Mayra: Das Besondere an meinem Laden ist für mich, dass er sehr persönlich ist und sich alles um Gefühle dreht. Es soll Freude bereiten, in meinen Laden reinzuschauen und reinzukommen. Ich suche jeden Artikel für meine Kundschaft selbst aus. Mit viel Hingabe und Liebe zum Detail.
Im Schuhsortiment habe ich eine Hauptmarke. Da stelle ich bei jedem Modell meine persönliche Kombination nach Farbe und Material zusammen. Die Schuhe werden in einer Fabrik in Spanien auf Bestellung hergestellt. Ich suche mir aus der jeweiligen Kollektion Modelle aus und diese werden dann in meiner eigenen Kombination, exklusiv nur für mein Geschäft, produziert. Es kommt immer wieder vor, dass ich meine Kundinnen vorinformiere, so dass ich speziell auf Ihre Wünsche eingehen kann und die Schuhe nach Ihrem persönlichen Geschmack anfertigen lasse. Es sind dann ganz spezielle Schuhe, die grosse Freude bereiten.
Es ist eine ständige Herausforderung auf «Made in Europe» zu setzen. Aber Nachhaltigkeit ist mir wichtig. Ich habe direkten Kontakt zu allen meinen Lieferanten und einen direkten Bezug. Mir ist es wichtig zu wissen, woher meine Artikel kommen. Ich arbeite mit Firmen, die nach Nachhaltigkeitskriterien arbeiten und zertifiziert sind. Bei den Schuhen bleibe ich bei spanischen Familienunternehmen. Neu kommt auch eine kleine spanische vegane Schuhmarke hinzu, auf die ich mich sehr freue.
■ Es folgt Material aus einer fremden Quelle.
lemma ccw_slice_diagonals_derivatives:
  assumes "convex_ccw A" "is_config a A" "dist (pt A 3) (pt A 5) = k" "xd A 2 = t"
    and "\<forall>i\<in>{1..5}. 0 < a i"
  shows "\<exists>D. ((\<lambda>s. third_side k (a 2) (slice_angle_3 a k s)) has_real_derivative D) (at t) \<and> D < 0"
    and "\<exists>D. ((\<lambda>s. third_side (a 3) (a 2) (tri_angle (a 3) k (a 4) + slice_angle_3 a k s))
           has_real_derivative D) (at t) \<and> D < 0"
    and "\<exists>D. ((\<lambda>s. third_side (a 5) (a 4) (slice_angle_5 a k s + tri_angle k (a 4) (a 3)))
           has_real_derivative D) (at t) \<and> 0 < D"
proof -
  have pos: "0 < k" "0 < a 2" "0 < a 3" "0 < a 4" "0 < a 5"
    using ccw_slice_pos(1)[OF assms(1,3,4)] assms(5) by auto
  note sin = ccw_slice_diagonals(4-6)[OF assms(1-4)]
  obtain D3 D5 where D3: "(slice_angle_3 a k has_real_derivative D3) (at t)" "D3 < 0"
    and D5: "(slice_angle_5 a k has_real_derivative D5) (at t)" "0 < D5"
    using ccw_slice_angle_3_decreasing[OF assms(1-4)] ccw_slice_angle_5_increasing[OF assms(1-4)] by blast
  have D3': "((\<lambda>s. tri_angle (a 3) k (a 4) + slice_angle_3 a k s) has_real_derivative D3) (at t)"
    and D5': "((\<lambda>s. slice_angle_5 a k s + tri_angle k (a 4) (a 3)) has_real_derivative D5) (at t)"
    using D3(1) D5(1) by (auto intro!: derivative_eq_intros)
  from third_side_has_derivative[OF pos(1,2) D3(1) sin(1)] third_side_has_derivative[OF pos(3,2) D3' sin(2)]
    third_side_has_derivative[OF pos(5,4) D5' sin(3)] D3(2) D5(2)
  show "\<exists>D. ((\<lambda>s. third_side k (a 2) (slice_angle_3 a k s)) has_real_derivative D) (at t) \<and> D < 0"
    and "\<exists>D. ((\<lambda>s. third_side (a 3) (a 2) (tri_angle (a 3) k (a 4) + slice_angle_3 a k s))
           has_real_derivative D) (at t) \<and> D < 0"
    and "\<exists>D. ((\<lambda>s. third_side (a 5) (a 4) (slice_angle_5 a k s + tri_angle k (a 4) (a 3)))
           has_real_derivative D) (at t) \<and> 0 < D"
    by (auto simp: sgn_if split: if_splits)
qed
Speziell sind die handgenähten Kleider. Lange bevor ich mich selbstständig gemacht habe, war ich selbst Kundin bei der Schneiderin, die die Kleider zusammen mit Ihrer Schwester anfertigt. Ich freue mich sehr, dass ich ihre einzigartigen Modelle in meinem Laden verkaufen kann und sie damit gleichzeitig unterstütze. Ich habe eine Bindung zu jedem Artikel, den ich verkaufe und kann mich damit identifizieren.
Auch die Einrichtung meines Geschäftes ist nachhaltig. Alle Regale und Kleiderständer sind handgemacht aus recycliertem Holz und aus Leitungsrohren. Ein guter Freund hat diese nach meinen eigenen Wünschen selbst designt und angefertigt. Die Elemente lassen sich bewegen und bieten mir die Kreativität und Freiheit, mein Geschäft mit viel Liebe immer wieder neu zu dekorieren.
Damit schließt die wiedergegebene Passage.